Penn Launches Center for the Study of Contemporary China
PHILADELPHIA -- University of Pennsylvania President Amy Gutmann, Provost Vincent Price and Dean of the School of Arts and Sciences Rebecca Bushnell are pleased to announce the launch of the Center for the Study of Contemporary China. Housed in the School of Arts and Sciences and serving the entire University, the new Center is designed to advance Penn’s leadership in programs, research, and scholarship about China.
The Center will focus on the political, legal, economic and social factors shaping China and its role in the world today. It will serve as an important hub to facilitate cross-School initiatives and collaboration, provide support for faculty and graduate student research and sponsor conferences, roundtables and visits from major international scholars and world leaders.

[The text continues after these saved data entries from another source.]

(* Let $X_1,X_2$, $A,B,C,D$, $c_A,c_D,L$, $X$, $\mathcal{A}$, $\mathcal{D}$, $M_1,M_2$ be as in the context, and assume that the relative bound estimates hold with $L=0$. Assume moreover that $$\|\mathcal{D}x\|_X\lesssim\|\mathcal{A}x\|_X\quad\text{for all }x\in\mathsf{D}(\mathcal{D})=\mathsf{D}(\mathcal{A}).$$ (a) If $A$ and $D$ are sectorial, then for each $\psi\in[\omega(A)\vee\omega(D),\pi)$ the following are equivalent: (1) $\mathcal{A}$ is sectorial of angle $\psi$; (2) $\overline{\mathsf{R}(\mathcal{A})}=X$, and for all $\phi>\psi$ and for one $j\in\{1,2\}$, $M_j(\lambda)^{-1}\in\mathscr{L}(X_j)$ for all $\lambda\in\complement\overline{\Sigma_\phi}$ and $\sup\{\|M_j(\lambda)^{-1}\|:\lambda\in\complement\overline{\Sigma_\phi}\}<\infty$. (b) If $A$ and $D$ are $\mathcal{R}$-sectorial, then for each $\psi\in[\omega_{\mathcal{R}}(A)\vee\omega_{\mathcal{R}}(D),\pi)$ the following are equivalent: (1) $\mathcal{A}$ is $\mathcal{R}$-sectorial of angle $\psi$; (2) $\overline{\mathsf{R}(\mathcal{A})}=X$, and for all $\phi>\psi$ and for one $j\in\{1,2\}$, $M_j(\lambda)^{-1}\in\mathscr{L}(X_j)$ for all $\lambda\in\complement\overline{\Sigma_\phi}$ and $\mathcal{R}(M_j(\lambda)^{-1}:\lambda\in\complement\overline{\Sigma_\phi})<\infty$. (c) If $X$ is reflexive, then the condition $\overline{\mathsf{R}(\mathcal{A})}=X$ can be removed from (a)(2) and (b)(2).
   Context: All Banach spaces are complex. For $\psi\in(0,\pi)$, $\Sigma_\psi=\{z\in\mathbb{C}\setminus\{0\}:|\arg z|<\psi\}$ and $\complement\overline{\Sigma_\psi}=\mathbb{C}\setminus\overline{\Sigma_\psi}$. A linear operator $T$ on a Banach space $Y$ is sectorial if there is $\omega\in(0,\pi)$ with $\sigma(T)\subseteq\overline{\Sigma_\omega}$, $\overline{\mathsf{D}(T)}=\overline{\mathsf{R}(T)}=Y$ and $\sup_{\lambda\in\complement\overline{\Sigma_\omega}}\|\lambda(\lambda-T)^{-1}\|<\infty$; the infimum of such $\omega$ is $\omega(T)$. A family $\mathscr{J}\subseteq\mathscr{L}(E,F)$ is $\mathcal{R}$-bounded if there is $K$ with $\mathbb{E}\|\sum_{n=1}^m\varepsilon_nT_nx_n\|_F^2\le K^2\mathbb{E}\|\sum_{n=1}^m\varepsilon_nx_n\|_E^2$ for all $m$, $T_n\in\mathscr{J}$, $x_n\in E$, where $(\varepsilon_n)$ are independent random variables with $\mathbb{P}(\varepsilon_n=\pm1)=1/2$; the least such $K$ is $\mathcal{R}(\mathscr{J})$. A sectorial $T$ is $\mathcal{R}$-sectorial if for some $\sigma\in(\omega(T),\pi)$ the family $\{\lambda(\lambda-T)^{-1}:\lambda\in\complement\overline{\Sigma_\sigma}\}$ is $\mathcal{R}$-bounded; $\omega_{\mathcal{R}}(T)$ is the infimum of such $\sigma$. "Sectorial (resp. $\mathcal{R}$-sectorial) of angle $\psi$" means sectorial with $\omega(\cdot)\le\psi$ (resp. $\mathcal{R}$-sectorial with $\omega_{\mathcal{R}}(\cdot)\le\psi$). Setting: $X_1,X_2$ Banach spaces; $A:\mathsf{D}(A)\subseteq X_1\to X_1$ and $D:\mathsf{D}(D)\subseteq X_2\to X_2$ closed densely defined linear operators; $B:\mathsf{D}(B)\subseteq X_2\to X_1$, $C:\mathsf{D}(C)\subseteq X_1\to X_2$ linear with $\mathsf{D}(D)\subseteq\mathsf{D}(B)$, $\mathsf{D}(A)\subseteq\mathsf{D}(C)$, and constants $c_A,c_D,L\ge0$ with $\|Cx\|_{X_2}\le c_A\|Ax\|_{X_1}+L\|x\|_{X_1}$ ($x\in\mathsf{D}(A)$), $\|By\|_{X_1}\le c_D\|Dy\|_{X_2}+L\|y\|_{X_2}$ ($y\in\mathsf{D}(D)$). $X=X_1\times X_2$, $\mathcal{A}=\begin{bmatrix}A&B\\C&D\end{bmatrix}$, $\mathcal{D}=\begin{bmatrix}A&0\\0&D\end{bmatrix}$, both with domain $\mathsf{D}(A)\times\mathsf{D}(D)$. For $\lambda\in\rho(A)\cap\rho(D)$: $M_1(\lambda)=I-B(\lambda-D)^{-1}C(\lambda-A)^{-1}\in\mathscr{L}(X_1)$ and $M_2(\lambda)=I-C(\lambda-A)^{-1}B(\lambda-D)^{-1}\in\mathscr{L}(X_2)$. *)

theory Defs
  imports "HOL-Analysis.Analysis"
begin

class complex_vector = real_vector +
  fixes cscale :: "complex \<Rightarrow> 'a \<Rightarrow> 'a"
  assumes cscale_add_right: "cscale a (x + y) = cscale a x + cscale a y"
    and cscale_add_left: "cscale (a + b) x = cscale a x + cscale b x"
    and cscale_cscale: "cscale a (cscale b x) = cscale (a * b) x"
    and cscale_one: "cscale 1 x = x"
    and scaleR_cscale: "scaleR r x = cscale (complex_of_real r) x"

"The Center for the Study of Contemporary China helps position Penn as a world leader in the study of China,” Gutmann said. “In addition to the collaboration across disciplines that it will foster for faculty, it will be an enormous asset for our students, allowing them to research and discern the myriad forces shaping modern China."
Penn has approximately 40 formal partnerships with 16 institutions in China. Nearly 100 Penn faculty maintain active research projects, and a number of Penn programs engage in work in China or in China-related ventures. China is the leading country of origin for Penn’s international students, with more than 1,300 graduate and undergraduate students representing more than 25 percent of all international students enrolled at the University in the fall of 2011. More than 200 Penn students per year earn credit for work in China in semester-abroad programs, intensive summer Chinese-language programs and faculty-led studios abroad.
“Penn’s engagement with China is a vital part of our commitment to global research,” Price said. “This new Center will advance the understanding of China around the world, from the perspective of one of Penn’s distinctive intellectual strengths: the cross-campus, cross-disciplinary integration of knowledge.”
Avery Goldstein, David M. Knott Professor of Global Politics and International Relations and Professor of Political Science in the School of Arts and Sciences, will serve as the Center’s inaugural faculty director.
“The School of Arts and Sciences takes great pride in its academic resources on China,” Bushnell said, “and looks forward to partnering with others across Penn to make this Center a dynamic new vehicle for promoting scholarship on this very important country.”
The Center will be governed by an Executive Committee that includes the faculty director, faculty members from participating Schools, the senior vice provost for research and the director of the Center for East Asian Studies.